I was looking at this one too but I have several other pedals I want to build. I heard they were planning a PH350 Phaser for next year
so I will probably wait so I can get at least 2 PCBs at the same time.


----------



## jeffwhitfield (Nov 14, 2021)

Definitely used Tayda for UV printing. I haven't dipped my toes in the drill tool though. I just punch and drill my own enclosures. I print everything with little circles for the drill holes, punch em', and drill them with a step drill bit. Doesn't take much time. I'm getting pretty good at it so no real need to spend the extra money on a drill service.

Yeah, I've been building quite a few pedals lately. Got about 8 more or so in my queue to build and then I'll take a break. Just keep finding cool stuff to build and try out...which is much cheaper than buying brand new pedals.


----------



## peccary (Nov 14, 2021)

Wow, man,. That looks amazing! Super clean. I think I have one of these boards kicking around. 

And I love the original sharpie one, too. It's got its own charm. I also gives the Deluxe a kind of lineage or pedigree.


----------



## Preverb (Nov 14, 2021)

jeffwhitfield said:


> Definitely used Tayda for UV printing. I haven't dipped my toes in the drill tool though. I just punch and drill my own enclosures. I print everything with little circles for the drill holes, punch em', and drill them with a step drill bit. Doesn't take much time. I'm getting pretty good at it so no real need to spend the extra money on a drill service.
> 
> Yeah, I've been building quite a few pedals lately. Got about 8 more or so in my queue to build and then I'll take a break. Just keep finding cool stuff to build and try out...which is much cheaper than buying brand new pedals.



Damn, I was hoping you had used the drill service because I don't want to try and convert the Aion drill pattern from imperial into metric for the coordinates.  I barely have any tools here in Australia but might move back to Canada next year.  I could borrow a hand drill but I am pretty certain I would scratch up the enclosure that way.  By the time I get to the ODR-C, I might have access to a drill press.

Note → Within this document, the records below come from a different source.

lemma unique_nbr_side1_other_slope:
  fixes \<xi> a b c :: "'a::field"
  assumes "a \<noteq> 0" "a \<noteq> \<xi>"
  shows "\<exists>!y. y \<in> B_explicit \<xi> \<and> gamma_adj (True, Some a, Some b, Some c) y"
proof -
  have coords: "a * (- b / a) + b = 0" "a^2 * (- b / a) + 2 * a * b + c = a * b + c"
    using assms(1) by (simp_all add: field_simps power2_eq_square)
  show ?thesis
  proof (rule ex1I[of _ "(False, Some (- b / a), Some 0, Some (a * b + c))"])
    have "(False, Some (- b / a), Some 0, Some (a * b + c))
        = (False, Some (- b / a), Some (a * (- b / a) + b), Some (a^2 * (- b / a) + 2 * a * b + c))"
      by (simp only: coords)
    then have "(False, Some (- b / a), Some 0, Some (a * b + c)) \<in> gamma_N1 (True, Some a, Some b, Some c)"
      unfolding gamma_N1_point by blast
    moreover have "(False, Some (- b / a), Some 0, Some (a * b + c)) \<in> B_explicit \<xi>"
      unfolding B_explicit_def by blast
    ultimately show "(False, Some (- b / a), Some 0, Some (a * b + c)) \<in> B_explicit \<xi>
        \<and> gamma_adj (True, Some a, Some b, Some c) (False, Some (- b / a), Some 0, Some (a * b + c))"
      by (simp add: adj_side1 del: gamma_N1_point)
  next
    fix y assume "y \<in> B_explicit \<xi> \<and> gamma_adj (True, Some a, Some b, Some c) y"
    then obtain t where t: "y = (False, Some t, Some (a * t + b), Some (a^2 * t + 2 * a * b + c))" "a * t + b = 0"
      using assms unfolding adj_side1 B_explicit_def by auto
    then have "t = - b / a" using assms(1) by (simp add: field_simps eq_neg_iff_add_eq_0 add.commute)
    then show "y = (False, Some (- b / a), Some 0, Some (a * b + c))"
      by (simp only: t(1) coords)
  qed
qed

lemma unique_nbr_side0_infinite:
  assumes "b \<noteq> 0" "b \<noteq> \<xi>"
  shows "\<exists>!y. y \<in> B_explicit \<xi> \<and> gamma_adj (False, None, Some b, Some c) y"
proof (rule ex1I[of _ "(True, None, None, Some b)"])
  show "(True, None, None, Some b) \<in> B_explicit \<xi> \<and> gamma_adj (False, None, Some b, Some c) (True, None, None, Some b)"
    unfolding adj_side0 B_explicit_def by simp
next
  fix y assume "y \<in> B_explicit \<xi> \<and> gamma_adj (False, None, Some b, Some c) y"
  then show "y = (True, None, None, Some b)"
    using assms unfolding adj_side0 B_explicit_def by auto
qed
lemma split_quadratic_annihilator:
  assumes "split_poly p" "degree p = 2"
    and lin: "Vector_Spaces.linear scale scale f" and ann: "annihilates scale p f"
  obtains \<alpha> \<beta> where "\<And>x. poly p x = 0 \<longleftrightarrow> x = \<alpha> \<or> x = \<beta>" "tr_poly p = \<alpha> + \<beta>"
    "\<And>x. f (f x) = (\<alpha> + \<beta>) *s f x - (\<alpha> * \<beta>) *s x"
proof -
  obtain c \<alpha> \<beta> where c: "c \<noteq> 0" and p: "p = smult c ([:-\<alpha>, 1:] * [:-\<beta>, 1:])"
    using split_poly_degree_2_obtain[OF assms(1,2)] .
  have "f (f x) = (\<alpha> + \<beta>) *s f x - (\<alpha> * \<beta>) *s x" for x
  proof -
    have "(c * (\<alpha> * \<beta>)) *s x + (- c * (\<alpha> + \<beta>)) *s f x + c *s f (f x) = 0"
      using ann c unfolding annihilates_def poly_endo_def p coeff_quadratic[OF c]
      by (simp add: numeral_2_eq_2 atMost_Suc algebra_simps)
    then have "inverse c *s ((c * (\<alpha> * \<beta>)) *s x + (- c * (\<alpha> + \<beta>)) *s f x + c *s f (f x)) = 0"
      by simp
    with c show ?thesis by (simp add: algebra_simps eq_neg_iff_add_eq_0 eq_diff_eq)
  qed
  then show ?thesis
    using that poly_quadratic_eq_0_iff[OF c] tr_poly_quadratic[OF c] unfolding p by blast
qed

end

lemma quasi_idempotent_sum_scalar_roots:
  fixes \<mu> d1 d2 d3 :: "'a::field"
  defines "a \<equiv> d1 - (2 * \<mu> - d3)" and "b \<equiv> d2 - (2 * \<mu> - d3)" and "P \<equiv> \<mu> * (\<mu> - d3)"
  assumes "P * (d1 * a + P) * ((b * (d1 + d1 + b) * d2 + b * (d1 * a + P) + P * (d1 + d1 + b)) * d2
             + P * (d1 * a + P)) = 0"
  shows "\<exists>x\<in>{0, d1}. \<exists>y\<in>{0, d2}. \<exists>z\<in>{0, d3}. \<mu> = x + y + z"
proof -
  define g where "g t = (\<mu> - t) * (\<mu> - t - d3)" for t
  have "g 0 * g d1 * g d2 * g (d1 + d2) = 0"
    using assms(4) unfolding g_def a_def b_def P_def by algebra
  then obtain x y where xy: "x \<in> {0, d1}" "y \<in> {0, d2}" and "g (x + y) = 0"
    by (metis add_0 add_0_right insertCI mult_eq_0_iff)
  then have "\<mu> = x + y + 0 \<or> \<mu> = x + y + d3"
    unfolding g_def mult_eq_0_iff by (auto simp: algebra_simps)
  with xy show ?thesis by blast
qed

locale vector_space_infinite_basis = vector_space scale
  for scale :: "'a::field \<Rightarrow> 'v::ab_group_add \<Rightarrow> 'v" (infixr \<open>*s\<close> 75) +
  fixes B0 :: "'v set"
  assumes independent_B0: "independent B0" and span_B0: "span B0 = UNIV"
    and not_finite_span_UNIV: "\<And>B. finite B \<Longrightarrow> span B \<noteq> UNIV"
begin

definition small_rank :: "('v \<Rightarrow> 'v) \<Rightarrow> bool" where
  "small_rank f \<longleftrightarrow> (\<exists>D. |D| <o |B0| \<and> range f \<subseteq> span D)"

lemma infinite_B0: "infinite B0"
  using not_finite_span_UNIV span_B0 by blast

Have you done any of the phaser projects here?  I am about to put in an order before the coupon promotion ends in the next 12 hours or so.  I was leaning towards the Grand Orbiter so far.


----------



## jeffwhitfield (Nov 14, 2021)

Preverb said:


> Damn, I was hoping you had used the drill service because I don't want to try and convert the Aion drill pattern from imperial into metric for the coordinates.  I barely have any tools here in Australia but might move back to Canada next year.  I could borrow a hand drill but I am pretty certain I would scratch up the enclosure that way.  By the time I get to the ODR-C, I might have access to a drill press.
> 
> Have you done any of the phaser projects here?  I am about to put in an order before the coupon promotion ends in the next 12 hours or so.  I was leaning towards the Grand Orbiter so far.


I've done a couple of the more classic phasers that AionFX provides, specifically the Quadratron (Lovetone Doppelganger) and the Redshift Deluxe Phaser (Blackout Whetstone Phaser). They're pretty interesting pedals but stupidly complicated to build. In fact, both of them have issues and need some debugging. 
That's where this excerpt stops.